_Problem requirements_
Where does the string "assms" occur in the records? Copy each line that holds it.
_ _ _ _ _
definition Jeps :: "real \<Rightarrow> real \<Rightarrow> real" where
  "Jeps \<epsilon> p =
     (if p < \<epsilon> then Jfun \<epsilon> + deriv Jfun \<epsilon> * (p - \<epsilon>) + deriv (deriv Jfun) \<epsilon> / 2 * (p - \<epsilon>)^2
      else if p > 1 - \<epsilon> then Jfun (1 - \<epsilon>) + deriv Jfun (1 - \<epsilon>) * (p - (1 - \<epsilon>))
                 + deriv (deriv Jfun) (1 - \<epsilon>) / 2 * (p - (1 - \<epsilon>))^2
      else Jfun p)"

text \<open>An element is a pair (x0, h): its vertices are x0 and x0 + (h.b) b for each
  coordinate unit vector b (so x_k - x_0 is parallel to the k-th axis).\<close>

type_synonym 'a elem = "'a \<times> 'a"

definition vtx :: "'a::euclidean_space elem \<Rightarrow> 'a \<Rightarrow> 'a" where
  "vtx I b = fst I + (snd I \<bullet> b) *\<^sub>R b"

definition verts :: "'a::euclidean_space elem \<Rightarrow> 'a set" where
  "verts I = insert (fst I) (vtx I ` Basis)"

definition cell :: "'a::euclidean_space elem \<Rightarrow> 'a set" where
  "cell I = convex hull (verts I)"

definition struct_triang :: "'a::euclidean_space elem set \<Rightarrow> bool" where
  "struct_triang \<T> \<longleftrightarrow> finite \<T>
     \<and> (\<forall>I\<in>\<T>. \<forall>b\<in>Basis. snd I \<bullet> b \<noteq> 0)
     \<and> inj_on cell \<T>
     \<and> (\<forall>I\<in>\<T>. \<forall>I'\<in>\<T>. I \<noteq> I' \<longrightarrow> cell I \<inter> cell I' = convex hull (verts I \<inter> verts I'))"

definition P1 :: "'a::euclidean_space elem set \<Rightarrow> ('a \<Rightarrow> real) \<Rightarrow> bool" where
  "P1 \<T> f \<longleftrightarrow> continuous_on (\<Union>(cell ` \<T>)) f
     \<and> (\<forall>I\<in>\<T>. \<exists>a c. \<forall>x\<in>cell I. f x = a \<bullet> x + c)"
_ _ _ _ _
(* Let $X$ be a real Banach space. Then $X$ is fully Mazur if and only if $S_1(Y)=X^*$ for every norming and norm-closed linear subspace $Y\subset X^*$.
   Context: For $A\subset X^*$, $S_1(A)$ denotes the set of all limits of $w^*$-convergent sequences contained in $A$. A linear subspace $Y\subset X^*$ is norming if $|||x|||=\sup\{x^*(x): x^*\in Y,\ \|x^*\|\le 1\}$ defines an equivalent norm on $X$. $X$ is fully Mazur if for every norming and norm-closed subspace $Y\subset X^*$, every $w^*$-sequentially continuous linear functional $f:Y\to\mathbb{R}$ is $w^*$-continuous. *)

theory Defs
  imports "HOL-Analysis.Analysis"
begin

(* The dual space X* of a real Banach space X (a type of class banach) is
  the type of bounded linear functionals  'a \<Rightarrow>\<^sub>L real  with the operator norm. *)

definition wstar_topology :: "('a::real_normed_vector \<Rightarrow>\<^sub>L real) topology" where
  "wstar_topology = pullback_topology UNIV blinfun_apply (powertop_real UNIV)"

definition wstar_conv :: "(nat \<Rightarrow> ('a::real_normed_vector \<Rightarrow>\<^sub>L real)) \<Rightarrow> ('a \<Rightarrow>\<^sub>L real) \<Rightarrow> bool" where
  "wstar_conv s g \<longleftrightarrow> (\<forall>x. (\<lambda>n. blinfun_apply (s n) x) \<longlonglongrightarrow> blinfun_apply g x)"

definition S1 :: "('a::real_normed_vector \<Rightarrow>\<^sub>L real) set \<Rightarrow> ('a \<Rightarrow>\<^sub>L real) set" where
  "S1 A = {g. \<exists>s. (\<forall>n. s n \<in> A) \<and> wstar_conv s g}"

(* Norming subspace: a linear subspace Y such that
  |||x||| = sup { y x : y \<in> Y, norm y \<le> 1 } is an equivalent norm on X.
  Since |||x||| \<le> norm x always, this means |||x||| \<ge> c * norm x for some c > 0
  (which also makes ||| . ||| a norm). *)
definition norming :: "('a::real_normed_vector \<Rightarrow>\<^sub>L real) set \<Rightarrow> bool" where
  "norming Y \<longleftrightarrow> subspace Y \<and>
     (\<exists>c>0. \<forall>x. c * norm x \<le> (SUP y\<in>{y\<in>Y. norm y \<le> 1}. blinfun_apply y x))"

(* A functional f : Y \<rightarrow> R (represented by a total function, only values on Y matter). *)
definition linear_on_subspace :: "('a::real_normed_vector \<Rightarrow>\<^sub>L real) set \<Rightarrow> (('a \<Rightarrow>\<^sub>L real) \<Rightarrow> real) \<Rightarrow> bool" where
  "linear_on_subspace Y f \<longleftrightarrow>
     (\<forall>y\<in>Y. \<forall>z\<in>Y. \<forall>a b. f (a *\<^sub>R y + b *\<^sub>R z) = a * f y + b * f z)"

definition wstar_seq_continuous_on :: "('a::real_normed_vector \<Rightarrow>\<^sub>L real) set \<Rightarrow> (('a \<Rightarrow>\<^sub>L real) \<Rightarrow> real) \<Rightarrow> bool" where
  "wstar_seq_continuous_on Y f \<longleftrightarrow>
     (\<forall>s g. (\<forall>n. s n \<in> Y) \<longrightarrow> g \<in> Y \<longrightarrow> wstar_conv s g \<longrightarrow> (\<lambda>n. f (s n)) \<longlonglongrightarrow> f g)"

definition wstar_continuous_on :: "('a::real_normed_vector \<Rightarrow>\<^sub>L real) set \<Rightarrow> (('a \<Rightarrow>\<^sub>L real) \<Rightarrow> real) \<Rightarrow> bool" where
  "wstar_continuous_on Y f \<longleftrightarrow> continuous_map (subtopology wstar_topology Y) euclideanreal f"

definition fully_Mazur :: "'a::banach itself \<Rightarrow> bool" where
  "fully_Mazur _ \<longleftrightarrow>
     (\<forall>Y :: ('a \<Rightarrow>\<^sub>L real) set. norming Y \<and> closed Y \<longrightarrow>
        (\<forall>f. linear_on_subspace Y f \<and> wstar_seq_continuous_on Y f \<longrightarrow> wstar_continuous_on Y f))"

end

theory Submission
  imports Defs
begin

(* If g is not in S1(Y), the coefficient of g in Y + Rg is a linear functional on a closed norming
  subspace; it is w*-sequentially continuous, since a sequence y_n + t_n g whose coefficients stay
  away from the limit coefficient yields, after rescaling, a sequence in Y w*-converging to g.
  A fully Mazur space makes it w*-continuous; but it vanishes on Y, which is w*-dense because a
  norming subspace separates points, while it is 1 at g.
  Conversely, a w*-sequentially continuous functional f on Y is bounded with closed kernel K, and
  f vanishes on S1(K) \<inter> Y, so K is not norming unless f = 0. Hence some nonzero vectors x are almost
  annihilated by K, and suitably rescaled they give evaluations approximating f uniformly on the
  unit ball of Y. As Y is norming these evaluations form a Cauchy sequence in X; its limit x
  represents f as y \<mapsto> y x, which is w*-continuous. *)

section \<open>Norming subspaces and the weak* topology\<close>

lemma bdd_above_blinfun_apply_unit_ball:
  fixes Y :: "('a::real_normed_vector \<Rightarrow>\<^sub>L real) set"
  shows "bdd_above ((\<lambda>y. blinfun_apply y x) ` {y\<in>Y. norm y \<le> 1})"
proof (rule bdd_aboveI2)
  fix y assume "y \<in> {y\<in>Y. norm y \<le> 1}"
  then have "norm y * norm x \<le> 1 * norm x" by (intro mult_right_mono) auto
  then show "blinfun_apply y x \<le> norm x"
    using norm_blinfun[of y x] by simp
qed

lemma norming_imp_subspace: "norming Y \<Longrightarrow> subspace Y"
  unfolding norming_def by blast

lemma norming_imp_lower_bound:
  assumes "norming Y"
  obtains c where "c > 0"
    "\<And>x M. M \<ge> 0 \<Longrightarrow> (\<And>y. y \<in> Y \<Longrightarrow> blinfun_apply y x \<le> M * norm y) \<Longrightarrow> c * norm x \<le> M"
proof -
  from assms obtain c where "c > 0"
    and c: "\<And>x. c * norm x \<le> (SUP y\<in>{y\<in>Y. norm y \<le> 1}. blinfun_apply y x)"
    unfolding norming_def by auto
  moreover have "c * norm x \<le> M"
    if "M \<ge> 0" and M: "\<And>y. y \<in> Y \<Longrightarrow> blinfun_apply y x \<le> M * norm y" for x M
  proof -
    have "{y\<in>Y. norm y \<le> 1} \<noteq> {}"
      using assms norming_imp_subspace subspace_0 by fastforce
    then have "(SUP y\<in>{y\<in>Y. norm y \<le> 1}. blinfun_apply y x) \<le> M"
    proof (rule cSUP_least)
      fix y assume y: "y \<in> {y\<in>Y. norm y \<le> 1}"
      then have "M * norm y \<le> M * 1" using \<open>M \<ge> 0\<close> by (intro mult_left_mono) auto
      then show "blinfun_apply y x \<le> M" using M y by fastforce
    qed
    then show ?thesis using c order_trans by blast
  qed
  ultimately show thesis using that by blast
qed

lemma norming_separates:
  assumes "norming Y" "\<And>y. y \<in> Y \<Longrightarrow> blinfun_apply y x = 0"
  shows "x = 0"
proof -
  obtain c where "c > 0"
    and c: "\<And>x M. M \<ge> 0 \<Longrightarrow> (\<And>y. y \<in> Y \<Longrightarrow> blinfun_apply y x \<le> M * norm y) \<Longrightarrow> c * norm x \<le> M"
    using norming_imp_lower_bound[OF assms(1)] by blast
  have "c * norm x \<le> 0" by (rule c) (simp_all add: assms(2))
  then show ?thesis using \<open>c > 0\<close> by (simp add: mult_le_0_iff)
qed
_ _ _ _ _
_Result of the task_
  from assms obtain c where "c > 0"
      using assms norming_imp_subspace subspace_0 by fastforce
    using norming_imp_lower_bound[OF assms(1)] by blast
  have "c * norm x \<le> 0" by (rule c) (simp_all add: assms(2))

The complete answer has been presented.